To do
Work through the records below and copy every line that includes "pairs".

Dataset entries
(* For every $r>0$, every $\theta,\varphi\in[0,2\pi]$ and every positive integer $L$, $$\frac{12}{L}\sum_{j=0}^{L-1}\big|1-re^{i(j\theta+\varphi)}\big|^2\ \ge\ \big|1-re^{i\varphi}\big|^2.$$ *)

theory Defs
  imports Complex_Main
begin

end

theory Submission
  imports Defs
begin

(*
  Write x_j = j*\<theta> + \<phi> and chord x = |1 - e^(ix)|, the length of the chord from 1 to e^(ix).
  For every real r one has the identity |1 - r e^(ix)|^2 = (1 - r)^2 + r * chord(x)^2, so the claim
  reduces (as r > 0) to the pure chord estimate  L * chord(\<phi>)^2 \<le> 12 * \<Sum>_{j<L} chord(x_j)^2.

  The chord is subadditive and even, and \<phi> = x_j + x_(i-j) - x_i for j \<le> i; hence
  chord(\<phi>)^2 \<le> 3 (chord(x_j)^2 + chord(x_(i-j))^2 + chord(x_i)^2).  Summing this over the
  L(L+1)/2 pairs j \<le> i < L and counting how often each chord(x_m)^2 occurs (at most 2L+1
  times) gives the estimate; this counting step is isolated as an abstract averaging lemma
  about nonnegative sequences.
*)

definition chord :: "real \<Rightarrow> real" where
  "chord x = cmod (1 - exp (\<i> * complex_of_real x))"

lemma chord_nonneg [simp]: "0 \<le> chord x"
  unfolding chord_def by simp

lemma norm_one_minus_scaled_exp_sq:
  "(cmod (1 - complex_of_real r * exp (\<i> * complex_of_real x)))\<^sup>2 = 1 - 2 * r * cos x + r\<^sup>2"
proof -
  have e: "exp (\<i> * complex_of_real x) = Complex (cos x) (sin x)"
    by (simp add: cis_conv_exp[symmetric] complex_eq_iff)
  have "(cmod (1 - complex_of_real r * exp (\<i> * complex_of_real x)))\<^sup>2
        = (1 - r * cos x)\<^sup>2 + (r * sin x)\<^sup>2"
    unfolding e cmod_power2 by simp
  also have "\<dots> = 1 - 2 * r * cos x + r\<^sup>2 * ((sin x)\<^sup>2 + (cos x)\<^sup>2)"
    by algebra
  finally show ?thesis by simp
qed

lemma chord_sq: "(chord x)\<^sup>2 = 2 - 2 * cos x"
  using norm_one_minus_scaled_exp_sq[of 1 x] unfolding chord_def by simp

lemma norm_one_minus_scaled_exp_sq_chord:
  "(cmod (1 - complex_of_real r * exp (\<i> * complex_of_real x)))\<^sup>2 = (1 - r)\<^sup>2 + r * (chord x)\<^sup>2"
  unfolding norm_one_minus_scaled_exp_sq chord_sq by (simp add: power2_eq_square algebra_simps)

text \<open>The chord is even, since its square depends only on cos x.\<close>

lemma chord_uminus: "chord (- x) = chord x"
proof -
  have "(chord (- x))\<^sup>2 = (chord x)\<^sup>2"
    by (simp add: chord_sq)
  then show ?thesis by (simp add: power2_eq_iff_nonneg)
qed

text \<open>Subadditivity: 1 - e^(i(a+b)) = (1 - e^(ia)) + e^(ia) (1 - e^(ib)) with |e^(ia)| = 1.\<close>

lemma chord_add: "chord (a + b) \<le> chord a + chord b"
proof -
  define A where "A = exp (\<i> * complex_of_real a)"
  define B where "B = exp (\<i> * complex_of_real b)"
  have "cmod A = 1" unfolding A_def by (simp add: norm_exp_eq_Re)
  have "exp (\<i> * complex_of_real (a + b)) = A * B"
    unfolding A_def B_def by (simp add: distrib_left exp_add)
  then have "chord (a + b) = cmod ((1 - A) + A * (1 - B))"
    unfolding chord_def by (simp add: algebra_simps)
  also have "\<dots> \<le> cmod (1 - A) + cmod A * cmod (1 - B)"
    using norm_triangle_ineq[of "1 - A" "A * (1 - B)"] by (simp add: norm_mult)
  also have "\<dots> = chord a + chord b"
    using \<open>cmod A = 1\<close> unfolding chord_def A_def B_def by simp
  finally show ?thesis .
qed

text \<open>The key pointwise estimate: \<phi> = x_j + x_(i-j) - x_i along the progression x_m = m\<theta> + \<phi>.\<close>

lemma chord_progression_bound:
  fixes \<theta> \<phi> :: real and i j :: nat
  assumes "j \<le> i"
  shows "chord \<phi> \<le> chord (real j * \<theta> + \<phi>) + chord (real (i - j) * \<theta> + \<phi>) + chord (real i * \<theta> + \<phi>)"
proof -
  have "\<phi> = (real j * \<theta> + \<phi>) + (real (i - j) * \<theta> + \<phi>) + - (real i * \<theta> + \<phi>)"
    using assms by (simp add: of_nat_diff algebra_simps)
  then have "chord \<phi> \<le> chord (real j * \<theta> + \<phi>) + chord (real (i - j) * \<theta> + \<phi>)
                       + chord (- (real i * \<theta> + \<phi>))"
    by (metis chord_add add_right_mono order_trans)
  then show ?thesis by (simp only: chord_uminus)
qed

lemma square_sum3_le: "((x::real) + y + z)\<^sup>2 \<le> 3 * (x\<^sup>2 + y\<^sup>2 + z\<^sup>2)"
proof -
  have "0 \<le> (x - y)\<^sup>2 + (y - z)\<^sup>2 + (x - z)\<^sup>2" by simp
  then show ?thesis by (simp add: power2_eq_square algebra_simps)
qed

lemma sum_triangle_swap:
  fixes F :: "nat \<Rightarrow> 'a::comm_semiring_1"
  shows "(\<Sum>i<L. \<Sum>j\<in>{0..i}. F j) = (\<Sum>j<L. of_nat (L - j) * F j)"
proof (induction L)
  case 0
  then show ?case by simp
next
  case (Suc L)
  have "(\<Sum>j<Suc L. of_nat (Suc L - j) * F j) = (\<Sum>j<Suc L. of_nat (L - j) * F j + F j)"
    by (rule sum.cong) (auto simp: Suc_diff_le algebra_simps)
  also have "\<dots> = (\<Sum>j<L. of_nat (L - j) * F j) + (\<Sum>j\<in>{0..L}. F j)"
    by (simp add: sum.distrib atLeast0AtMost lessThan_Suc_atMost[symmetric])
  finally show ?case using Suc by simp
qed

text \<open>
  Averaging over triangles: if a constant c is dominated by F j + F (i-j) + F i for every
  j \<le> i, then summing over the L(L+1)/2 pairs (each F m occurring 2(L-m) + m + 1 \<le> 2L + 1
  times) yields L c \<le> 4 \<Sum>_{m<L} F m.
\<close>

lemma triangle_averaging:
  fixes F :: "nat \<Rightarrow> real" and c :: real
  assumes F_nonneg: "\<And>m. 0 \<le> F m"
    and dominated: "\<And>i j. j \<le> i \<Longrightarrow> c \<le> F j + F (i - j) + F i"
  shows "real L * c \<le> 4 * (\<Sum>m<L. F m)"
proof -
  let ?S = "\<Sum>m<L. F m"
  have reflect: "(\<Sum>j\<in>{0..i}. F (i - j)) = (\<Sum>j\<in>{0..i}. F j)" for i
    using sum.atLeastAtMost_rev[of "\<lambda>j. F (i - j)" 0 i] by simp
  have pairs: "2 * (\<Sum>i<L. \<Sum>j\<in>{0..i}. c) = real L * (real L + 1) * c"
    by (induction L) (simp_all add: algebra_simps)
  have "(\<Sum>i<L. \<Sum>j\<in>{0..i}. c) \<le> (\<Sum>i<L. \<Sum>j\<in>{0..i}. F j + F (i - j) + F i)"
    by (intro sum_mono dominated) auto
  also have "\<dots> = (\<Sum>i<L. 2 * (\<Sum>j\<in>{0..i}. F j) + real (Suc i) * F i)"
    by (simp add: sum.distrib reflect)
  also have "\<dots> = (\<Sum>m<L. (2 * real (L - m) + real (Suc m)) * F m)"
    by (simp only: sum.distrib sum_triangle_swap sum_distrib_left[symmetric] distrib_right mult.assoc)
  also have "\<dots> \<le> (\<Sum>m<L. (2 * real L + 1) * F m)"
    by (intro sum_mono mult_right_mono F_nonneg) (auto simp: of_nat_diff)
  also have "\<dots> \<le> 2 * (real L + 1) * ?S"
    using sum_nonneg[of "{..<L}" F] F_nonneg
    by (simp add: sum_distrib_left[symmetric] mult_right_mono)
  finally have "(real L + 1) * (real L * c) \<le> (real L + 1) * (4 * ?S)"
    using pairs by (simp add: algebra_simps)
  then show ?thesis by (simp add: mult_le_cancel_left_pos)
qed

lemma chord_progression_average:
  fixes \<theta> \<phi> :: real
  shows "real L * (chord \<phi>)\<^sup>2 \<le> 12 * (\<Sum>j<L. (chord (real j * \<theta> + \<phi>))\<^sup>2)"
proof -
  define F where "F j = (chord (real j * \<theta> + \<phi>))\<^sup>2" for j :: nat
  have "(chord \<phi>)\<^sup>2 / 3 \<le> F j + F (i - j) + F i" if "j \<le> i" for i j
  proof -
    have "(chord \<phi>)\<^sup>2 \<le> (chord (real j * \<theta> + \<phi>) + chord (real (i - j) * \<theta> + \<phi>)
                            + chord (real i * \<theta> + \<phi>))\<^sup>2"
      using chord_progression_bound[OF that] by (simp add: power_mono)
    also have "\<dots> \<le> 3 * (F j + F (i - j) + F i)"
      unfolding F_def by (rule square_sum3_le)
    finally show ?thesis by simp
  qed
  then have "real L * ((chord \<phi>)\<^sup>2 / 3) \<le> 4 * (\<Sum>j<L. F j)"
    by (intro triangle_averaging) (simp_all add: F_def)
  then show ?thesis unfolding F_def by simp
qed

theorem proposition6p1:
  fixes r \<theta> \<phi> :: real and L :: nat
  assumes "r > 0"
    and "0 \<le> \<theta>" and "\<theta> \<le> 2 * pi"
    and "0 \<le> \<phi>" and "\<phi> \<le> 2 * pi"
    and "L > 0"
  shows "12 / real L * (\<Sum>j<L. (cmod (1 - complex_of_real r * exp (\<i> * complex_of_real (real j * \<theta> + \<phi>))))\<^sup>2)
           \<ge> (cmod (1 - complex_of_real r * exp (\<i> * complex_of_real \<phi>)))\<^sup>2"
proof -
  define T where "T = (\<Sum>j<L. (chord (real j * \<theta> + \<phi>))\<^sup>2)"
  have L_pos: "real L > 0" using \<open>L > 0\<close> by simp
  have chord_bound: "(chord \<phi>)\<^sup>2 \<le> 12 * T / real L"
    using chord_progression_average[of L \<phi> \<theta>] L_pos unfolding T_def by (simp add: field_simps)
  have "(1 - r)\<^sup>2 + r * (chord \<phi>)\<^sup>2 \<le> 12 * (1 - r)\<^sup>2 + r * (12 * T / real L)"
    using chord_bound \<open>r > 0\<close> by (intro add_mono mult_left_mono) simp_all
  also have "\<dots> = 12 / real L * (real L * (1 - r)\<^sup>2 + r * T)"
    using L_pos by (simp add: field_simps)
  finally show ?thesis
    unfolding norm_one_minus_scaled_exp_sq_chord T_def by (simp add: sum.distrib sum_distrib_left)
qed

end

Completed exercise
  L(L+1)/2 pairs j \<le> i < L and counting how often each chord(x_m)^2 occurs (at most 2L+1
  j \<le> i, then summing over the L(L+1)/2 pairs (each F m occurring 2(L-m) + m + 1 \<le> 2L + 1
  have pairs: "2 * (\<Sum>i<L. \<Sum>j\<in>{0..i}. c) = real L * (real L + 1) * c"
    using pairs by (simp add: algebra_simps)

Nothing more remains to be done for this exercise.